The above code can be rewritten as follows:

```python
import asyncio
from dataclasses import dataclass
from magda.module import Module
from magda.decorators import accept, produce, finalize, expose
from magda.pipeline import SequentialPipeline


@dataclass
class Number(Module.Interface):
    value: int

@dataclass
class Power(Module.Interface):
    number: int
    power: int = 1


@produce(Number)
@finalize
class AddingNumbersModule(Module.Runtime):
    def run(self, data, request):
        return Number(sum(request))

@accept(Number)
@produce(Power)
@expose()
@finalize
class RaisingToPowerModule(Module.Runtime):
    def run(self, data, **kwargs):
        number = data.get(Number).value
        power = self.parameters['power']
        return Power(number ** power, power=power)


sum_module = AddingNumbersModule('module_sum')
power_module = RaisingToPowerModule('module_power')
power_module.depends_on(sum_module)
power_module.set_parameters({'power': 2})

builder = SequentialPipeline()
builder.add_module(sum_module)
builder.add_module(power_module)

runtime = asyncio.run(builder.build())
result = asyncio.run(runtime.run(request=[1, 2, 3]))
print(result['module_power'])
# output: Power(number=36, power=2)
```

### 3. `SequentialPipeline` built from a config file
It's also recommended to use configs - `yaml` files that enable to define a pipeline easily.
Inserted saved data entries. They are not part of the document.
lemma has_real_derivative_inverse_power:
  fixes f :: "real \<Rightarrow> real"
  assumes "(f has_real_derivative f') (at x within S)" "f x \<noteq> 0"
  shows "((\<lambda>x. 1 / f x ^ (k+1)) has_real_derivative - (real k + 1) * f' / f x ^ (k+2)) (at x within S)"
proof -
  have "f x ^ Suc k * f x ^ Suc k = f x ^ k * f x ^ Suc (Suc k)" by (simp add: mult_ac)
  then show ?thesis using assms
    by (auto intro!: derivative_eq_intros
        simp: divide_simps power2_eq_square algebra_simps simp del: power_Suc)
qed

lemma inverse_power_le:
  fixes a b :: real
  assumes "0 < a" "a \<le> b"
  shows "1 / b ^ n \<le> 1 / a ^ n"
  using assms by (simp add: divide_simps power_mono)

lemma inverse_power_less:
  fixes a b :: real
  assumes "0 < a" "a < b" "n \<noteq> 0"
  shows "1 / b ^ n < 1 / a ^ n"
  using assms by (simp add: divide_simps power_strict_mono)

lemma convex_on_midpoint_le_integral:
  fixes f :: "real \<Rightarrow> real"
  assumes conv: "convex_on S f" "connected S"
    and sub: "{a..b} \<subseteq> S" and mid: "(a + b) / 2 \<in> interior S"
    and deriv: "(f has_real_derivative f') (at ((a + b) / 2))"
    and cont: "continuous_on {a..b} f" and "a \<le> b"
  shows "(b - a) * f ((a + b) / 2) \<le> integral {a..b} f"
proof -
  define m where "m = (a + b) / 2"
  have tangent: "f m + f' * (x - m) \<le> f x" if "x \<in> {a..b}" for x
    using convex_on_imp_above_tangent[OF conv mid[folded m_def], of x f'] that sub
      has_field_derivative_at_within[OF deriv[folded m_def]] by force
  have "((\<lambda>x. f m + f' * (x - m)) has_integral
         (f m * b + f' * (b - m)^2/2) - (f m * a + f' * (a - m)^2/2)) {a..b}"
    using \<open>a \<le> b\<close> by (intro fundamental_theorem_of_calculus)
      (auto intro!: derivative_eq_intros simp flip: has_real_derivative_iff_has_vector_derivative)
  moreover have "(f m * b + f' * (b - m)^2/2) - (f m * a + f' * (a - m)^2/2) = (b - a) * f m"
    by (simp add: m_def power2_eq_square algebra_simps)
  ultimately have "((\<lambda>x. f m + f' * (x - m)) has_integral (b - a) * f m) {a..b}" by simp
  then show ?thesis
    using has_integral_le[OF _ integrable_integral[OF integrable_continuous_real[OF cont]] tangent]
    by (simp add: m_def)
qed
lemma V_amb_le_V_stat:
  fixes us ur :: "'a \<Rightarrow> 'w \<Rightarrow> real"
  shows "V_amb P us ur \<le> V_stat P us ur"
  unfolding V_amb_def
proof (rule cSup_least)
  obtain y where y: "y \<in> unit_square" "obedient (maxmin_payoff ur) y"
    using exists_obedient_in_unit_square by blast
  have "amb_exp {0, 1} {recommend y}" by (rule amb_exp_singleton[OF is_exp_recommend[OF y(1)]])
  moreover have "obey \<in> BR_amb P ur {0, 1} {recommend y}"
    unfolding BR_amb_singleton by (rule obey_BR_stat[OF y])
  ultimately have "U_amb P us {0, 1} {recommend y} obey
      \<in> {U_amb P us M \<Sigma> \<tau> |M \<Sigma> \<tau>. finite M \<and> amb_exp M \<Sigma> \<and> \<tau> \<in> BR_amb P ur M \<Sigma>}"
    by (intro CollectI exI[of _ "{0, 1}"] exI[of _ "{recommend y}"] exI[of _ obey]) simp
  then show "{U_amb P us M \<Sigma> \<tau> |M \<Sigma> \<tau>. finite M \<and> amb_exp M \<Sigma> \<and> \<tau> \<in> BR_amb P ur M \<Sigma>} \<noteq> {}"
    by blast
next
  fix x assume "x \<in> {U_amb P us M \<Sigma> \<tau> |M \<Sigma> \<tau>. finite M \<and> amb_exp M \<Sigma> \<and> \<tau> \<in> BR_amb P ur M \<Sigma>}"
  then obtain M \<Sigma> \<tau> where "x = U_amb P us M \<Sigma> \<tau>" "amb_exp M \<Sigma>" "\<tau> \<in> BR_amb P ur M \<Sigma>" by blast
  then obtain y where y: "y \<in> unit_square" "obedient (maxmin_payoff ur) y" and "x \<le> maxmin_payoff us y"
    using ambiguous_BR_obedient_point by blast
  note \<open>x \<le> maxmin_payoff us y\<close>
  also have "\<dots> \<le> V_stat P us ur" using y by (rule maxmin_payoff_le_V_stat)
  finally show "x \<le> V_stat P us ur" .
qed

end

theorem theorem1:
  fixes P :: "('w::finite \<Rightarrow> real) set"
    and us ur :: "'a::finite \<Rightarrow> 'w \<Rightarrow> real"
  assumes "CARD('w) = 2" and "CARD('a) = 2"
    and "prior_set P"
  shows "V_amb P us ur \<le> V_stat P us ur"
proof -
  obtain w1 w2 :: 'w where "UNIV = {w1, w2}" "w1 \<noteq> w2"
    using assms(1) card_2_iff by metis
  moreover obtain a1 a2 :: 'a where "UNIV = {a1, a2}" "a1 \<noteq> a2"
    using assms(2) card_2_iff by metis
  ultimately interpret two_states_two_actions w1 w2 a1 a2 P
    using assms(3) by unfold_locales
  show ?thesis by (rule V_amb_le_V_stat)
qed

end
The *Pipeline creation* and *Pipeline build* steps are now replaced by registering `Modules` in the `ModuleFactory` and reading the pipeline from a configuration file.  

The same pipeline as before can be obtained using the below config:

###### my_config_file.yaml
```yaml
modules:
  - name: module_sum
    type: adding-numbers-module
  - name: module_power
    type: raising-to-power-module
    depends_on:
      - module_sum
    parameters:
      power: 2
```

```python
import asyncio
from dataclasses import dataclass
from magda.module import Module
from magda.decorators import accept, produce, finalize, expose
from magda.pipeline import SequentialPipeline
from magda.module.factory import ModuleFactory
from magda.config_reader import ConfigReader


@dataclass
class Number(Module.Interface):
    value: int

@dataclass
class Power(Module.Interface):
    number: int
    power: int = 1


@produce(Number)
@finalize
class AddingNumbersModule(Module.Runtime):
    def run(self, data, request):
        return Number(sum(request))

@accept(Number)
@produce(Power)
@expose()
@finalize
class RaisingToPowerModule(Module.Runtime):
    def run(self, data, **kwargs):
        number = data.get(Number).value
        power = self.parameters['power']
        return Power(number ** power, power=power)


ModuleFactory.register('adding-numbers-module', AddingNumbersModule)
ModuleFactory.register('raising-to-power-module', RaisingToPowerModule)

with open('my_config_file.yaml') as file:
    config = file.read()
    runtime = asyncio.run(ConfigReader.read(config, ModuleFactory))

result = asyncio.run(runtime.run(request=[1, 2, 3]))
print(result['module_power'])
# output: Power(number=36, power=2)
```

## License
Distributed under the [Apache-2.0 License](LICENSE).